__Working data__
lemma bump_mass_pos:
  assumes "c < d"
  shows "0 < bump_mass c d"
proof -
  define w where "w = (d - c) / 4"
  have w: "0 < w"
    using assms by (simp add: w_def)
  have "exp (- 1 / (w * w)) \<le> bump c d x" if "x \<in> {c + w..d - w}" for x
  proof -
    have "w * w \<le> (x - c) * (d - x)"
      using that w by (intro mult_mono) auto
    then have "1 / ((x - c) * (d - x)) \<le> 1 / (w * w)"
      using w by (intro frac_le) auto
    then show ?thesis
      using that w by (simp add: bump_def flat_def)
  qed
  then have "integral {c + w..d - w} (\<lambda>_. exp (- 1 / (w * w))) \<le> integral {c + w..d - w} (bump c d)"
    by (intro integral_le bump_integrable_on) auto
  moreover have "0 < integral {c + w..d - w} (\<lambda>_. exp (- 1 / (w * w)))"
    using assms by (simp add: w_def field_simps)
  moreover have "integral {c + w..d - w} (bump c d) \<le> integral {c - 1..d} (bump c d)"
    by (rule integral_subset_le) (use w bump_nonneg in \<open>auto intro: bump_integrable_on\<close>)
  ultimately show ?thesis
    by (simp add: bump_primitive_def)
qed
(* Let $G$ be a simple graph with at least one edge on $n=pq$ vertices labelled $u_iw_j$ ($i\in\{1,\dots,p\}$, $j\in\{1,\dots,q\}$). If the density matrix $\rho(G)$ is separable in $\mathbb{C}^p_A\otimes\mathbb{C}^q_B$, then $\Delta(G)=\Delta(G^{\Gamma_B})$.
   Context: For a simple graph $G=(V,E)$ on vertices $v_1,\dots,v_n$: $M(G)$ is the adjacency matrix, $\Delta(G)$ the diagonal degree matrix ($(i,i)$ entry = degree of $v_i$), $L(G)=\Delta(G)-M(G)$ the Laplacian, and the density matrix of $G$ is $\rho(G)=\frac{1}{2|E|}L(G)$ (defined when $|E|\ge1$). When $n=pq$, the vertices are labelled as ordered pairs $u_iw_j$ ($1\le i\le p$, $1\le j\le q$), and vertex $u_iw_j$ is identified with the basis vector $|u_i\rangle\otimes|w_j\rangle$, where $\{|u_i\rangle\}$ and $\{|w_j\rangle\}$ are orthonormal bases of $\mathbb{C}^p_A$ and $\mathbb{C}^q_B$; matrices indexed by vertices are thus operators on $\mathbb{C}^p_A\otimes\mathbb{C}^q_B$. The partial transpose of $G$ is the graph $G^{\Gamma_B}=(V,E')$ with $\{u_iw_j,u_kw_l\}\in E'$ iff $\{u_iw_l,u_kw_j\}\in E$. A density matrix on $\mathbb{C}^p_A\otimes\mathbb{C}^q_B$ is separable if it is a convex combination of product states $|a\rangle\langle a|\otimes|b\rangle\langle b|$. *)

theory Defs
  imports Complex_Main
begin

text \<open>Vertices u_i w_j are pairs (i,j) with 0 \<le> i < p, 0 \<le> j < q (0-based labels).
  The vertex (i,j) corresponds to the basis vector |u_i> \<otimes> |w_j>.\<close>

type_synonym vtx = "nat \<times> nat"

definition verts :: "nat \<Rightarrow> nat \<Rightarrow> vtx set" where
  "verts p q = {0..<p} \<times> {0..<q}"

definition simple_graph :: "nat \<Rightarrow> nat \<Rightarrow> (vtx \<Rightarrow> vtx \<Rightarrow> bool) \<Rightarrow> bool" where
  "simple_graph p q E \<longleftrightarrow>
     (\<forall>v w. E v w \<longrightarrow> v \<in> verts p q \<and> w \<in> verts p q) \<and>
     (\<forall>v w. E v w \<longrightarrow> E w v) \<and> (\<forall>v. \<not> E v v)"

definition edges :: "(vtx \<Rightarrow> vtx \<Rightarrow> bool) \<Rightarrow> vtx set set" where
  "edges E = {{v, w} | v w. E v w}"

definition degree :: "nat \<Rightarrow> nat \<Rightarrow> (vtx \<Rightarrow> vtx \<Rightarrow> bool) \<Rightarrow> vtx \<Rightarrow> nat" where
  "degree p q E v = card {w \<in> verts p q. E v w}"

definition degree_matrix :: "nat \<Rightarrow> nat \<Rightarrow> (vtx \<Rightarrow> vtx \<Rightarrow> bool) \<Rightarrow> vtx \<Rightarrow> vtx \<Rightarrow> complex" where
  "degree_matrix p q E v w = (if v = w then of_nat (degree p q E v) else 0)"

definition adj_matrix :: "(vtx \<Rightarrow> vtx \<Rightarrow> bool) \<Rightarrow> vtx \<Rightarrow> vtx \<Rightarrow> complex" where
  "adj_matrix E v w = (if E v w then 1 else 0)"

definition laplacian :: "nat \<Rightarrow> nat \<Rightarrow> (vtx \<Rightarrow> vtx \<Rightarrow> bool) \<Rightarrow> vtx \<Rightarrow> vtx \<Rightarrow> complex" where
  "laplacian p q E v w = degree_matrix p q E v w - adj_matrix E v w"

definition density :: "nat \<Rightarrow> nat \<Rightarrow> (vtx \<Rightarrow> vtx \<Rightarrow> bool) \<Rightarrow> vtx \<Rightarrow> vtx \<Rightarrow> complex" where
  "density p q E v w = laplacian p q E v w / of_nat (2 * card (edges E))"

definition partial_transpose_B :: "(vtx \<Rightarrow> vtx \<Rightarrow> bool) \<Rightarrow> vtx \<Rightarrow> vtx \<Rightarrow> bool" where
  "partial_transpose_B E v w = E (fst v, snd w) (fst w, snd v)"

text \<open>Product state |a><a| \<otimes> |b><b| with entries indexed by vertex pairs.\<close>
definition product_state :: "(nat \<Rightarrow> complex) \<Rightarrow> (nat \<Rightarrow> complex) \<Rightarrow> vtx \<Rightarrow> vtx \<Rightarrow> complex" where
  "product_state a b v w = a (fst v) * cnj (a (fst w)) * b (snd v) * cnj (b (snd w))"

definition unit_vec :: "nat \<Rightarrow> (nat \<Rightarrow> complex) \<Rightarrow> bool" where
  "unit_vec d a \<longleftrightarrow> (\<Sum>i<d. (cmod (a i))\<^sup>2) = 1"

definition separable :: "nat \<Rightarrow> nat \<Rightarrow> (vtx \<Rightarrow> vtx \<Rightarrow> complex) \<Rightarrow> bool" where
  "separable p q \<rho> \<longleftrightarrow>
    (\<exists>(m::nat) (c::nat \<Rightarrow> real) (a::nat \<Rightarrow> nat \<Rightarrow> complex) (b::nat \<Rightarrow> nat \<Rightarrow> complex).
       (\<forall>k<m. c k \<ge> 0 \<and> unit_vec p (a k) \<and> unit_vec q (b k)) \<and>
       (\<Sum>k<m. c k) = 1 \<and>
       (\<forall>v\<in>verts p q. \<forall>w\<in>verts p q.
          \<rho> v w = (\<Sum>k<m. of_real (c k) * product_state (a k) (b k) v w)))"

end

theory Submission
  imports Defs
begin

text \<open>The all-ones vector 1 = 1_A \<otimes> 1_B lies in the kernel of every Laplacian, so
  <1|\<rho>|1> = 0. For a separable \<rho> = \<Sum>_k c_k |a_k><a_k| \<otimes> |b_k><b_k| this number is
  \<Sum>_k c_k |<1_A|a_k> <1_B|b_k>|^2, so every term with c_k > 0 has <1_A|a_k> = 0 or
  <1_B|b_k> = 0. Hence the partial transpose \<rho>^\<Gamma> = \<Sum>_k c_k |a_k><a_k| \<otimes> |b_k*><b_k*|
  annihilates 1 as well. On the other hand, partial transposition fixes the diagonal of L(G)
  and turns M(G) into M(G^\<Gamma>), so the row sums of \<rho>^\<Gamma> are (d_G(v) - d_G^\<Gamma>(v)) / 2|E|.\<close>

definition mat_partial_transpose_B :: "(vtx \<Rightarrow> vtx \<Rightarrow> 'a) \<Rightarrow> vtx \<Rightarrow> vtx \<Rightarrow> 'a" where
  "mat_partial_transpose_B M v w = M (fst v, snd w) (fst w, snd v)"

lemma sum_verts_product:
  "(\<Sum>v\<in>verts p q. g (fst v) * h (snd v)) = (\<Sum>i<p. g i) * (\<Sum>j<q. h j :: 'a :: comm_semiring_0)"
  by (simp add: verts_def sum.cartesian_product' sum_product atLeast0LessThan)

lemma row_sum_laplacian:
  assumes "v \<in> verts p q"
  shows "(\<Sum>w\<in>verts p q. laplacian p q E v w) = 0"
proof -
  have "(\<Sum>w\<in>verts p q. degree_matrix p q E v w) = of_nat (degree p q E v)"
    using assms by (simp add: degree_matrix_def verts_def)
  moreover have "(\<Sum>w\<in>verts p q. adj_matrix E v w) = of_nat (degree p q E v)"
    by (simp add: adj_matrix_def degree_def verts_def sum.If_cases Int_def)
  ultimately show ?thesis
    by (simp add: laplacian_def sum_subtractf)
qed

lemma row_sum_partial_transpose_laplacian:
  assumes "v \<in> verts p q"
  shows "(\<Sum>w\<in>verts p q. mat_partial_transpose_B (laplacian p q E) v w)
           = of_nat (degree p q E v) - of_nat (degree p q (partial_transpose_B E) v)"
proof -
  have diag: "((fst v, snd w) = (fst w, snd v)) = (w = v)" for w
    by (cases v; cases w) auto
  have "(\<Sum>w\<in>verts p q. degree_matrix p q E (fst v, snd w) (fst w, snd v))
          = of_nat (degree p q E v)"
    using assms unfolding degree_matrix_def diag by (simp add: verts_def)
  moreover have "(\<Sum>w\<in>verts p q. adj_matrix E (fst v, snd w) (fst w, snd v))
          = of_nat (degree p q (partial_transpose_B E) v)"
    by (simp add: adj_matrix_def degree_def partial_transpose_B_def verts_def sum.If_cases Int_def)
  ultimately show ?thesis
    by (simp add: mat_partial_transpose_B_def laplacian_def sum_subtractf)
qed

lemma total_sum_product_state:
  "(\<Sum>v\<in>verts p q. \<Sum>w\<in>verts p q. product_state a b v w)
     = of_real ((cmod ((\<Sum>i<p. a i) * (\<Sum>j<q. b j)))\<^sup>2)"
proof -
  have "(\<Sum>v\<in>verts p q. \<Sum>w\<in>verts p q. product_state a b v w)
      = (\<Sum>v\<in>verts p q. a (fst v) * b (snd v)) * (\<Sum>w\<in>verts p q. cnj (a (fst w)) * cnj (b (snd w)))"
    by (simp add: product_state_def sum_product mult_ac)
  also have "\<dots> = ((\<Sum>i<p. a i) * (\<Sum>j<q. b j)) * cnj ((\<Sum>i<p. a i) * (\<Sum>j<q. b j))"
    using sum_verts_product[of "\<lambda>i. cnj (a i)" "\<lambda>j. cnj (b j)"]
    by (simp add: sum_verts_product cnj_sum)
  finally show ?thesis
    by (simp only: complex_norm_square)
qed

lemma row_sum_partial_transpose_product_state:
  "(\<Sum>w\<in>verts p q. mat_partial_transpose_B (product_state a b) v w)
     = a (fst v) * cnj (b (snd v)) * (cnj (\<Sum>i<p. a i) * (\<Sum>j<q. b j))"
proof -
  have "(\<Sum>w\<in>verts p q. mat_partial_transpose_B (product_state a b) v w)
      = a (fst v) * cnj (b (snd v)) * (\<Sum>w\<in>verts p q. cnj (a (fst w)) * b (snd w))"
    by (simp add: mat_partial_transpose_B_def product_state_def sum_distrib_left mult_ac)
  then show ?thesis
    using sum_verts_product[of "\<lambda>i. cnj (a i)" b] by (simp add: cnj_sum)
qed

lemma separable_partial_transpose_row_sum_eq_0:
  assumes "separable p q \<rho>"
    and total: "(\<Sum>v\<in>verts p q. \<Sum>w\<in>verts p q. \<rho> v w) = 0"
    and v: "v \<in> verts p q"
  shows "(\<Sum>w\<in>verts p q. mat_partial_transpose_B \<rho> v w) = 0"
proof -
  let ?V = "verts p q"
  obtain m and c :: "nat \<Rightarrow> real" and a b where c_nonneg: "\<And>k. k < m \<Longrightarrow> c k \<ge> 0"
    and \<rho>: "\<And>v w. v \<in> ?V \<Longrightarrow> w \<in> ?V \<Longrightarrow>
                \<rho> v w = (\<Sum>k<m. of_real (c k) * product_state (a k) (b k) v w)"
    using assms(1) unfolding separable_def by blast
  define \<alpha> where "\<alpha> k = (\<Sum>i<p. a k i)" for k
  define \<beta> where "\<beta> k = (\<Sum>j<q. b k j)" for k
  have "(\<Sum>v\<in>?V. \<Sum>w\<in>?V. \<rho> v w)
      = (\<Sum>k<m. of_real (c k) * (\<Sum>v\<in>?V. \<Sum>w\<in>?V. product_state (a k) (b k) v w))"
    by (simp add: \<rho> sum_distrib_left sum.swap[where A = "{..<m}"] cong: sum.cong)
  also have "\<dots> = of_real (\<Sum>k<m. c k * (cmod (\<alpha> k * \<beta> k))\<^sup>2)"
    by (simp add: total_sum_product_state \<alpha>_def \<beta>_def)
  finally have "(\<Sum>k<m. c k * (cmod (\<alpha> k * \<beta> k))\<^sup>2) = 0"
    using total by (metis of_real_eq_0_iff)
  then have vanish: "c k = 0 \<or> \<alpha> k = 0 \<or> \<beta> k = 0" if "k < m" for k
    using that c_nonneg by (subst (asm) sum_nonneg_eq_0_iff) auto
  have swap_mem: "(fst v, snd w) \<in> ?V" "(fst w, snd v) \<in> ?V" if "w \<in> ?V" for w
    using v that by (auto simp: verts_def)
  have "(\<Sum>w\<in>?V. mat_partial_transpose_B \<rho> v w)
      = (\<Sum>k<m. of_real (c k) * (\<Sum>w\<in>?V. mat_partial_transpose_B (product_state (a k) (b k)) v w))"
    by (simp add: mat_partial_transpose_B_def \<rho> swap_mem sum_distrib_left
        sum.swap[where A = "{..<m}"] cong: sum.cong)
  also have "\<dots> = (\<Sum>k<m. of_real (c k) * (a k (fst v) * cnj (b k (snd v)) * (cnj (\<alpha> k) * \<beta> k)))"
    by (simp add: row_sum_partial_transpose_product_state \<alpha>_def \<beta>_def)
  also have "\<dots> = 0"
    using vanish by (intro sum.neutral) auto
  finally show ?thesis .
qed

theorem theorem2:
  fixes p q :: nat and E :: "vtx \<Rightarrow> vtx \<Rightarrow> bool"
  assumes "simple_graph p q E"
    and "card (edges E) \<ge> 1"
    and "separable p q (density p q E)"
  shows "\<forall>v\<in>verts p q. \<forall>w\<in>verts p q.
           degree_matrix p q E v w = degree_matrix p q (partial_transpose_B E) v w"
proof (intro ballI)
  fix v w assume v: "v \<in> verts p q"
  have "(\<Sum>v\<in>verts p q. \<Sum>w\<in>verts p q. density p q E v w) = 0"
    by (simp add: density_def row_sum_laplacian flip: sum_divide_distrib)
  with assms(3) v have "(\<Sum>w\<in>verts p q. mat_partial_transpose_B (density p q E) v w) = 0"
    by (intro separable_partial_transpose_row_sum_eq_0)
  then have "(of_nat (degree p q E v) - of_nat (degree p q (partial_transpose_B E) v))
               / of_nat (2 * card (edges E)) = (0 :: complex)"
    by (simp add: mat_partial_transpose_B_def density_def
        row_sum_partial_transpose_laplacian[OF v, unfolded mat_partial_transpose_B_def]
        flip: sum_divide_distrib)
  with assms(2) have "degree p q E v = degree p q (partial_transpose_B E) v"
    by simp
  then show "degree_matrix p q E v w = degree_matrix p q (partial_transpose_B E) v w"
    by (auto simp add: degree_matrix_def)
qed

end
(* Let $B\subseteq\mathbb{R}^n$ be a maximal lattice-free polyhedron with $m$ facets and let $c\in\operatorname{int}(B)$. Let $z_1,\dots,z_m\in\mathbb{Z}^n$ be integer points lying in the relative interiors of the $m$ distinct facets of $B$ (one in each). Then there exists $\epsilon\in(0,1)$ such that for all $i,j\in[m]$ with $i\ne j$, the segment $[z_i,z_j]$ has nonempty intersection with $(1-\epsilon)B+\epsilon c$.
   Context: A set $B\subseteq\mathbb{R}^n$ is lattice-free if it is an $n$-dimensional closed convex set with $\operatorname{int}(B)\cap\mathbb{Z}^n=\emptyset$; it is maximal lattice-free if it is not a proper subset of another lattice-free set. *)

theory Defs
  imports "HOL-Analysis.Analysis"
begin

definition integer_point :: "real ^ 'n \<Rightarrow> bool" where
  "integer_point x \<longleftrightarrow> (\<forall>i. x $ i \<in> \<int>)"

definition lattice_free :: "(real ^ 'n) set \<Rightarrow> bool" where
  "lattice_free B \<longleftrightarrow> convex B \<and> closed B \<and> aff_dim B = int CARD('n) \<and>
     (\<forall>x \<in> interior B. \<not> integer_point x)"

definition maximal_lattice_free :: "(real ^ 'n) set \<Rightarrow> bool" where
  "maximal_lattice_free B \<longleftrightarrow> lattice_free B \<and>
     \<not> (\<exists>B'. lattice_free B' \<and> B \<subset> B')"

end

theory Submission
  imports Defs
begin

text \<open>Every interior point lies in \<open>(1 - \<epsilon>) B + \<epsilon> c\<close> for all small
  \<open>\<epsilon> > 0\<close>, and there are only finitely many pairs of facets.\<close>

lemma facet_of_eq_if_meets_rel_interior:
  fixes S :: "'a::euclidean_space set"
  assumes "convex S" "F facet_of S" "G facet_of S" "G \<inter> rel_interior F \<noteq> {}"
  shows "F = G"
proof -
  have faces: "F face_of S" "G face_of S"
    using assms(2,3) facet_of_imp_face_of by auto
  have "F \<subseteq> G"
    using subset_of_face_of[OF faces(2) face_of_imp_subset[OF faces(1)] assms(4)] .
  then have "F face_of G"
    using face_of_subset[OF faces(1)] faces(2) face_of_imp_subset by blast
  moreover have "aff_dim F = aff_dim G"
    using assms(2,3) by (simp add: facet_of_def)
  moreover have "convex G"
    using faces(2) face_of_imp_convex by blast
  ultimately show ?thesis
    using face_of_aff_dim_lt by fastforce
qed

lemma midpoint_rel_interior_facets_in_interior:
  fixes B :: "'a::euclidean_space set"
  assumes "polyhedron B" "interior B \<noteq> {}"
    and "F facet_of B" "G facet_of B" "F \<noteq> G"
    and "x \<in> rel_interior F" "y \<in> rel_interior G"
  shows "midpoint x y \<in> interior B"
proof (rule ccontr)
  assume not_interior: "midpoint x y \<notin> interior B"
  have "convex B"
    using assms(1) polyhedron_imp_convex by auto
  have "x \<in> B" "y \<in> B"
    using assms(3,4,6,7) rel_interior_subset facet_of_imp_subset by blast+
  have "x \<noteq> y"
    using facet_of_eq_if_meets_rel_interior[OF \<open>convex B\<close> assms(3,4)] assms(5,6,7)
      rel_interior_subset by blast
  then have mid: "midpoint x y \<in> open_segment x y"
    by simp
  have "closed_segment x y \<subseteq> B"
    using \<open>convex B\<close> \<open>x \<in> B\<close> \<open>y \<in> B\<close> by (simp add: convex_contains_segment)
  then have "midpoint x y \<in> closure B - interior B"
    using not_interior midpoint_in_closed_segment closure_subset by blast
  then have "midpoint x y \<in> rel_frontier B"
    by (simp add: rel_frontier_def rel_interior_nonempty_interior[OF assms(2)])
  then obtain H where H: "H facet_of B" "midpoint x y \<in> H"
    using rel_frontier_of_polyhedron[OF assms(1)] by blast
  then have "x \<in> H" "y \<in> H"
    using face_ofD[OF facet_of_imp_face_of[OF H(1)] mid \<open>x \<in> B\<close> \<open>y \<in> B\<close>] by auto
  then have "F = H" "G = H"
    using facet_of_eq_if_meets_rel_interior[OF \<open>convex B\<close>] assms(3,4,6,7) H(1) by blast+
  with assms(5) show False
    by simp
qed

lemma eventually_in_shrunk_image:
  fixes B :: "'a::real_normed_vector set"
  assumes "p \<in> interior B"
  shows "eventually (\<lambda>\<epsilon>. p \<in> (\<lambda>x. (1 - \<epsilon>) *\<^sub>R x + \<epsilon> *\<^sub>R c) ` B) (at_right 0)"
proof -
  define preimage where "preimage \<epsilon> = p + (\<epsilon> / (1 - \<epsilon>)) *\<^sub>R (p - c)" for \<epsilon> :: real
  have "(preimage \<longlongrightarrow> p + (0 / (1 - 0)) *\<^sub>R (p - c)) (at_right 0)"
    unfolding preimage_def by (intro tendsto_intros) auto
  then have "eventually (\<lambda>\<epsilon>. preimage \<epsilon> \<in> interior B) (at_right 0)"
    using assms by (intro topological_tendstoD) auto
  moreover have "eventually (\<lambda>\<epsilon>. \<epsilon> \<in> {0<..<1::real}) (at_right 0)"
    by (rule eventually_at_right_real) simp
  ultimately show ?thesis
  proof eventually_elim
    case (elim \<epsilon>)
    then have "(1 - \<epsilon>) * (\<epsilon> / (1 - \<epsilon>)) = \<epsilon>"
      by simp
    then have "(1 - \<epsilon>) *\<^sub>R preimage \<epsilon> + \<epsilon> *\<^sub>R c = p"
      by (simp add: preimage_def scaleR_add_right algebra_simps)
    moreover have "preimage \<epsilon> \<in> B"
      using elim interior_subset by blast
    ultimately show ?case
      by (metis rev_image_eqI)
  qed
qed

theorem lemma6p1:
  fixes B :: "(real ^ 'n) set" and c :: "real ^ 'n" and m :: nat
    and f :: "nat \<Rightarrow> (real ^ 'n) set" and z :: "nat \<Rightarrow> real ^ 'n"
  assumes "polyhedron B"
    and "maximal_lattice_free B"
    and "bij_betw f {1..m} {F. F facet_of B}"
    and "c \<in> interior B"
    and "\<And>i. i \<in> {1..m} \<Longrightarrow> integer_point (z i) \<and> z i \<in> rel_interior (f i)"
  shows "\<exists>\<epsilon>::real. 0 < \<epsilon> \<and> \<epsilon> < 1 \<and>
    (\<forall>i\<in>{1..m}. \<forall>j\<in>{1..m}. i \<noteq> j \<longrightarrow>
       closed_segment (z i) (z j) \<inter> ((\<lambda>x. (1 - \<epsilon>) *\<^sub>R x + \<epsilon> *\<^sub>R c) ` B) \<noteq> {})"
proof -
  let ?shrunk = "\<lambda>\<epsilon>. (\<lambda>x. (1 - \<epsilon>) *\<^sub>R x + \<epsilon> *\<^sub>R c) ` B"
  have facets: "f i facet_of B" if "i \<in> {1..m}" for i
    using assms(3) that bij_betwE by blast
  have midpoint_interior: "midpoint (z i) (z j) \<in> interior B"
    if "i \<in> {1..m}" "j \<in> {1..m}" "i \<noteq> j" for i j
  proof (rule midpoint_rel_interior_facets_in_interior[OF assms(1)])
    show "f i \<noteq> f j"
      using assms(3) that by (auto simp: bij_betw_def dest: inj_onD)
  qed (use assms(4,5) facets that in auto)
  have "\<forall>i\<in>{1..m}. \<forall>j\<in>{1..m}. eventually (\<lambda>\<epsilon>. i \<noteq> j \<longrightarrow>
      midpoint (z i) (z j) \<in> ?shrunk \<epsilon>) (at_right 0)"
    using eventually_in_shrunk_image[OF midpoint_interior] by auto
  then have "eventually (\<lambda>\<epsilon>. \<forall>i\<in>{1..m}. \<forall>j\<in>{1..m}. i \<noteq> j \<longrightarrow>
      midpoint (z i) (z j) \<in> ?shrunk \<epsilon>) (at_right 0)"
    by (intro eventually_ball_finite ballI) auto
  moreover have "eventually (\<lambda>\<epsilon>. \<epsilon> \<in> {0<..<1::real}) (at_right 0)"
    by (rule eventually_at_right_real) simp
  ultimately obtain \<epsilon> where \<epsilon>: "\<epsilon> \<in> {0<..<1}"
    and midpoints: "\<forall>i\<in>{1..m}. \<forall>j\<in>{1..m}. i \<noteq> j \<longrightarrow> midpoint (z i) (z j) \<in> ?shrunk \<epsilon>"
    using eventually_happens[OF eventually_conj] trivial_limit_at_right_real by blast
  have "closed_segment (z i) (z j) \<inter> ?shrunk \<epsilon> \<noteq> {}"
    if "i \<in> {1..m}" "j \<in> {1..m}" "i \<noteq> j" for i j
    using midpoints that midpoint_in_closed_segment by blast
  with \<epsilon> show ?thesis
    by auto
qed

end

__Exercise details__
From the line with "using eventually_happens[OF eventually_conj]" to the final line of the entries above, return every line exactly as written.

__Exercise output__
    using eventually_happens[OF eventually_conj] trivial_limit_at_right_real by blast
  have "closed_segment (z i) (z j) \<inter> ?shrunk \<epsilon> \<noteq> {}"
    if "i \<in> {1..m}" "j \<in> {1..m}" "i \<noteq> j" for i j
    using midpoints that midpoint_in_closed_segment by blast
  with \<epsilon> show ?thesis
    by auto
qed

end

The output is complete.